Here is another patch, with the documentation wording adjusted like
this, and a bit of other tidying.
I opted against pursuing some of the other refactoring ideas as part of
this. Removing USE_PREFETCH seems worthwhile, but has some open
questions. For example, pg_prewarm has a prefetch mode, which currently
errors if there is no prefetch support. So we'd still require some
knowledge outside of fd.c, unless we want to change that behavior. The
idea of creating a src/port/posix_fadvise.c also got a bit too
complicated in terms of how to weave that into configure and meson.
There are apparently various old problems, like old Linux systems with
incompatible declarations, or something like that, and then the special
casing of Solaris (which isn't even in meson.build). If we could get
rid of some of that, then it would be easier to add new behavior there,
otherwise it's just likely to break things. So I'm leaving these as
separate projects.
In terms of $subject, this patch seems sufficient for now.

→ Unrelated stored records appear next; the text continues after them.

(* Let $1\le k\le n$ and $N=k(n-k)$. In the field of rational functions $\mathbb Q(x_1,\dots,x_n,m_1,\dots,m_N)$ the following identity holds: $$\sum_{J\subset\{1,\dots,n\},\ |J|=k}\ \frac{\prod_{r=1}^{N}(x_J-m_r)}{\prod_{i\in J}\prod_{j\notin J}(x_i-x_j)} \;=\; N!\cdot\prod_{i=1}^k\frac{(i-1)!}{(n-i)!},$$ where $x_J=\sum_{i\in J}x_i$.
   Context: $x_1,\dots,x_n,m_1,\dots,m_N$ are independent indeterminates. *)

theory Defs
  imports Main
begin

end

theory Submission
  imports Defs "HOL-Computational_Algebra.Polynomial" "HOL-Library.FuncSet"
begin

text \<open>Multiply the sum by \<open>k!\<close> and spread it over all \<open>k\<close>-tuples \<open>i\<close> of indices. Inserting the
  factor \<open>\<Prod>\<^sub>a\<^sub>\<noteq>\<^sub>b (x(i a) - x(i b))\<close>, which kills tuples with repeated entries and cancels the
  part of the denominator internal to \<open>J\<close>, turns it into the \<open>k\<close>-fold tensor power of the divided
  difference on the nodes \<open>x 1, \<dots>, x n\<close>, applied to
  \<open>F z = \<Prod>\<^sub>r (z 1 + \<dots> + z k - m r) \<cdot> \<Prod>\<^sub>a\<^sub>\<noteq>\<^sub>b (z a - z b)\<close>, a polynomial of degree \<open>k (n - 1)\<close>.
  The divided difference of \<open>t ^ e\<close> is \<open>0\<close> for \<open>e < n - 1\<close> and \<open>1\<close> for \<open>e = n - 1\<close>, so on
  polynomials of degree at most \<open>k (n - 1)\<close> this functional only reads off the coefficient of
  \<open>(z 1 \<cdots> z k) ^ (n - 1)\<close>, which involves neither \<open>x\<close> nor \<open>m\<close>. The sum can therefore be
  evaluated at \<open>x i = i\<close>, with the \<open>m r\<close> chosen to kill every term except that of
  \<open>J = {n - k + 1..n}\<close>.\<close>

section \<open>Lagrange interpolation\<close>

lemma degree_lead_coeff_prod_linear:
  fixes x :: "'b \<Rightarrow> 'a::field"
  assumes "finite A"
  shows "degree (\<Prod>q\<in>A. [:-x q, 1:]) = card A" and "lead_coeff (\<Prod>q\<in>A. [:-x q, 1:]) = 1"
proof -
  show "degree (\<Prod>q\<in>A. [:-x q, 1:]) = card A"
    using assms by (simp add: degree_prod_eq_sum_degree)
  show "lead_coeff (\<Prod>q\<in>A. [:-x q, 1:]) = 1"
    by (subst lead_coeff_prod) simp
qed

lemma prod_linear_expand:
  fixes m :: "'b \<Rightarrow> 'a::field"
  assumes "finite A"
  obtains b where "\<And>s. (\<Prod>r\<in>A. s - m r) = s ^ card A + (\<Sum>j<card A. b j * s ^ j)"
proof
  define p where "p = (\<Prod>r\<in>A. [:-m r, 1:])"
  note deg = degree_lead_coeff_prod_linear[OF assms, of m, folded p_def]
  fix s
  have "(\<Prod>r\<in>A. s - m r) = (\<Sum>j\<le>card A. coeff p j * s ^ j)"
    using poly_altdef[of p s] deg by (simp add: p_def poly_prod)
  also have "\<dots> = s ^ card A + (\<Sum>j<card A. coeff p j * s ^ j)"
    using deg by (simp add: lessThan_Suc_atMost[symmetric])
  finally show "(\<Prod>r\<in>A. s - m r) = s ^ card A + (\<Sum>j<card A. coeff p j * s ^ j)" .
qed

text \<open>The interpolation polynomial of \<open>t\<^sup>e\<close> on the nodes \<open>x ` S\<close> is \<open>t\<^sup>e\<close> itself,
  and the left-hand side is its coefficient of \<open>t\<^sup>d\<close> in Lagrange form.\<close>
lemma lagrange_power_sum:
  fixes x :: "'b \<Rightarrow> 'a::field"
  assumes fin: "finite S" and inj: "inj_on x S" and card: "card S = Suc d" and "e \<le> d"
  shows "(\<Sum>p\<in>S. x p ^ e / (\<Prod>q\<in>S-{p}. x p - x q)) = (if e = d then 1 else 0)"
proof -
  define L where "L p = (\<Prod>q\<in>S-{p}. [:-x q, 1:])" for p
  define w where "w p = (\<Prod>q\<in>S-{p}. x p - x q)" for p
  have degL: "degree (L p) = d" and lcL: "coeff (L p) d = 1" if "p \<in> S" for p
    using degree_lead_coeff_prod_linear[of "S-{p}" x] fin card that by (simp_all add: L_def)
  have w: "w p \<noteq> 0" if "p \<in> S" for p
    unfolding w_def using fin inj that by (auto simp: prod_zero_iff inj_on_def)
  have poly_L: "poly (L p) (x l) = (if l = p then w p else 0)" if "p \<in> S" "l \<in> S" for p l
    using that fin by (auto simp: L_def w_def poly_prod prod_zero_iff)
  define q where "q = (\<Sum>p\<in>S. smult (x p ^ e / w p) (L p))"
  have "q = monom 1 e"
  proof (rule poly_eqI_degree[where A = "x ` S"])
    fix t assume "t \<in> x ` S"
    then obtain l where l: "l \<in> S" "t = x l" by blast
    have "poly q t = (\<Sum>p\<in>S. if p = l then x l ^ e else 0)"
      unfolding q_def poly_sum poly_smult l(2) using l(1) w poly_L by (intro sum.cong) auto
    also have "\<dots> = poly (monom 1 e) t" using fin l by (simp add: poly_monom)
    finally show "poly q t = poly (monom 1 e) t" .
  next
    have "degree q \<le> d"
      unfolding q_def by (intro degree_sum_le degree_smult_le[THEN order.trans]) (use fin in \<open>auto simp: degL\<close>)
    then show "degree q < card (x ` S)" using card card_image[OF inj] by simp
    show "degree (monom (1::'a) e) < card (x ` S)"
      using card card_image[OF inj] \<open>e \<le> d\<close> by (simp add: degree_monom_eq)
  qed
  then have "coeff q d = (if e = d then 1 else 0)" by simp
  moreover have "coeff q d = (\<Sum>p\<in>S. x p ^ e / w p)"
    unfolding q_def coeff_sum using lcL by simp
  ultimately show ?thesis unfolding w_def by simp
qed

section \<open>Polynomial functions of bounded degree\<close>

definition monomials_eval :: "nat \<Rightarrow> ('a \<times> (nat \<Rightarrow> nat)) list \<Rightarrow> (nat \<Rightarrow> 'a::comm_ring_1) \<Rightarrow> 'a" where
  "monomials_eval k L z = (\<Sum>(c, e)\<leftarrow>L. c * (\<Prod>a<k. z a ^ e a))"

inductive poly_fun_le :: "nat \<Rightarrow> nat \<Rightarrow> ((nat \<Rightarrow> 'a::comm_ring_1) \<Rightarrow> 'a) \<Rightarrow> bool" for k where
  const: "poly_fun_le k D (\<lambda>z. c)"
| var: "a < k \<Longrightarrow> 1 \<le> D \<Longrightarrow> poly_fun_le k D (\<lambda>z. z a)"
| add: "poly_fun_le k D F \<Longrightarrow> poly_fun_le k D G \<Longrightarrow> poly_fun_le k D (\<lambda>z. F z + G z)"
| mult: "poly_fun_le k D1 F \<Longrightarrow> poly_fun_le k D2 G \<Longrightarrow> D1 + D2 \<le> D \<Longrightarrow> poly_fun_le k D (\<lambda>z. F z * G z)"

lemma monomials_eval_append:
  "monomials_eval k (L1 @ L2) z = monomials_eval k L1 z + monomials_eval k L2 z"
  by (simp add: monomials_eval_def)

lemma monomial_mult_monomials_eval:
  "c * (\<Prod>a<k. z a ^ e a) * monomials_eval k L z =
     monomials_eval k [(c * c', \<lambda>a. e a + e' a). (c', e') \<leftarrow> L] z"
  by (induction L) (auto simp: monomials_eval_def power_add prod.distrib algebra_simps)

lemma monomials_eval_mult:
  "monomials_eval k L1 z * monomials_eval k L2 z =
     monomials_eval k [(c1 * c2, \<lambda>a. e1 a + e2 a). (c1, e1) \<leftarrow> L1, (c2, e2) \<leftarrow> L2] z"
proof (induction L1)
  case (Cons ce L1)
  then show ?case
    using monomial_mult_monomials_eval[where c = "fst ce" and e = "snd ce" and L = L2]
    by (simp add: monomials_eval_def case_prod_beta o_def distrib_right)
qed (simp add: monomials_eval_def)

lemma poly_fun_le_monomials:
  assumes "poly_fun_le k D F"
  obtains L where "\<forall>(c, e)\<in>set L. (\<Sum>a<k. e a) \<le> D" and "F = monomials_eval k L"
  using assms
proof (induction arbitrary: thesis)
  case (const D c)
  show ?case by (rule const.prems[of "[(c, \<lambda>_. 0)]"]) (auto simp: monomials_eval_def)
next
  case (var a D)
  let ?e = "\<lambda>b. if b = a then 1 else 0 :: nat"
  have "(\<Prod>b<k. z b ^ ?e b) = z a" for z :: "nat \<Rightarrow> 'a"
    using var.hyps by (simp add: if_distrib prod.If_cases)
  moreover have "(\<Sum>b<k. ?e b) = 1" using var.hyps by simp
  ultimately show ?case
    using var by (intro var.prems[of "[(1, ?e)]"]) (auto simp: monomials_eval_def)
next
  case (add D F G)
  obtain L1 L2 where "\<forall>(c, e)\<in>set L1. (\<Sum>a<k. e a) \<le> D" "F = monomials_eval k L1"
    and "\<forall>(c, e)\<in>set L2. (\<Sum>a<k. e a) \<le> D" "G = monomials_eval k L2"
    using add.IH by metis
  then show ?case by (intro add.prems[of "L1 @ L2"]) (auto simp: monomials_eval_append)
next
  case (mult D1 F D2 G D)
  obtain L1 L2 where L1: "\<forall>(c, e)\<in>set L1. (\<Sum>a<k. e a) \<le> D1" "F = monomials_eval k L1"
    and L2: "\<forall>(c, e)\<in>set L2. (\<Sum>a<k. e a) \<le> D2" "G = monomials_eval k L2"
    using mult.IH by metis
  show ?case
  proof (rule mult.prems)
    show "\<forall>(c, e)\<in>set [(c1 * c2, \<lambda>a. e1 a + e2 a). (c1, e1) \<leftarrow> L1, (c2, e2) \<leftarrow> L2].
            (\<Sum>a<k. e a) \<le> D"
      using L1(1) L2(1) mult.hyps(3) by (fastforce simp: sum.distrib)
  qed (simp add: L1(2) L2(2) monomials_eval_mult)
qed

lemma poly_fun_le_sum:
  assumes "finite A" "\<And>a. a \<in> A \<Longrightarrow> poly_fun_le k D (f a)"
  shows "poly_fun_le k D (\<lambda>z. \<Sum>a\<in>A. f a z)"
  using assms by (induction A rule: finite_induct) (auto intro: poly_fun_le.intros)

lemma poly_fun_le_prod:
  assumes "finite A" "\<And>a. a \<in> A \<Longrightarrow> poly_fun_le k (D a) (f a)"
  shows "poly_fun_le k (\<Sum>a\<in>A. D a) (\<lambda>z. \<Prod>a\<in>A. f a z)"
  using assms
proof (induction A rule: finite_induct)
  case (insert a A)
  then show ?case by (auto intro: poly_fun_le.mult[of k "D a" _ "sum D A"])
qed (simp add: poly_fun_le.const)

lemma poly_fun_le_power:
  "poly_fun_le k D F \<Longrightarrow> poly_fun_le k (j * D) (\<lambda>z. F z ^ j)"
  by (induction j) (auto intro: poly_fun_le.intros)

section \<open>Tensor powers of the divided difference\<close>

definition node_weight :: "(nat \<Rightarrow> 'a::field) \<Rightarrow> nat \<Rightarrow> nat \<Rightarrow> 'a" where
  "node_weight x n p = (\<Prod>q\<in>{1..n}-{p}. x p - x q)"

From 60e86ec3b41ad0aef7e9aba4cfc0688604702047 Mon Sep 17 00:00:00 2001
From: Peter Eisentraut <pe...@eisentraut.org>
Date: Fri, 23 Aug 2024 13:49:55 +0200
Subject: [PATCH v3] Add prefetching support on macOS
macOS doesn't have posix_fadvise(), but fcntl() with the F_RDADVISE
command does the same thing.
Some related documentation has been generalized to not mention
posix_advise() specifically anymore.
Discussion:
https://www.postgresql.org/message-id/flat/0827edec-1317-4917-a186-035eb1e3241d%40eisentraut.org
---
doc/src/sgml/config.sgml | 14 +++-----
doc/src/sgml/wal.sgml | 4 +--
src/backend/commands/variable.c | 4 +--
src/backend/storage/file/fd.c | 59 ++++++++++++++++++++++-----------
src/include/pg_config_manual.h | 5 ++-
src/include/port/darwin.h | 5 +++
6 files changed, 56 insertions(+), 35 deletions(-)
diff --git a/doc/src/sgml/config.sgml b/doc/src/sgml/config.sgml
index 2937384b001..12feac60874 100644
--- a/doc/src/sgml/config.sgml
+++ b/doc/src/sgml/config.sgml
@@ -2679,11 +2679,9 @@ <title>Asynchronous Behavior</title>
</para>
<para>
- Asynchronous I/O depends on an effective
<function>posix_fadvise</function>
- function, which some operating systems lack. If the function is not
- present then setting this parameter to anything but zero will result
- in an error. On some operating systems (e.g., Solaris), the function
- is present but does not actually do anything.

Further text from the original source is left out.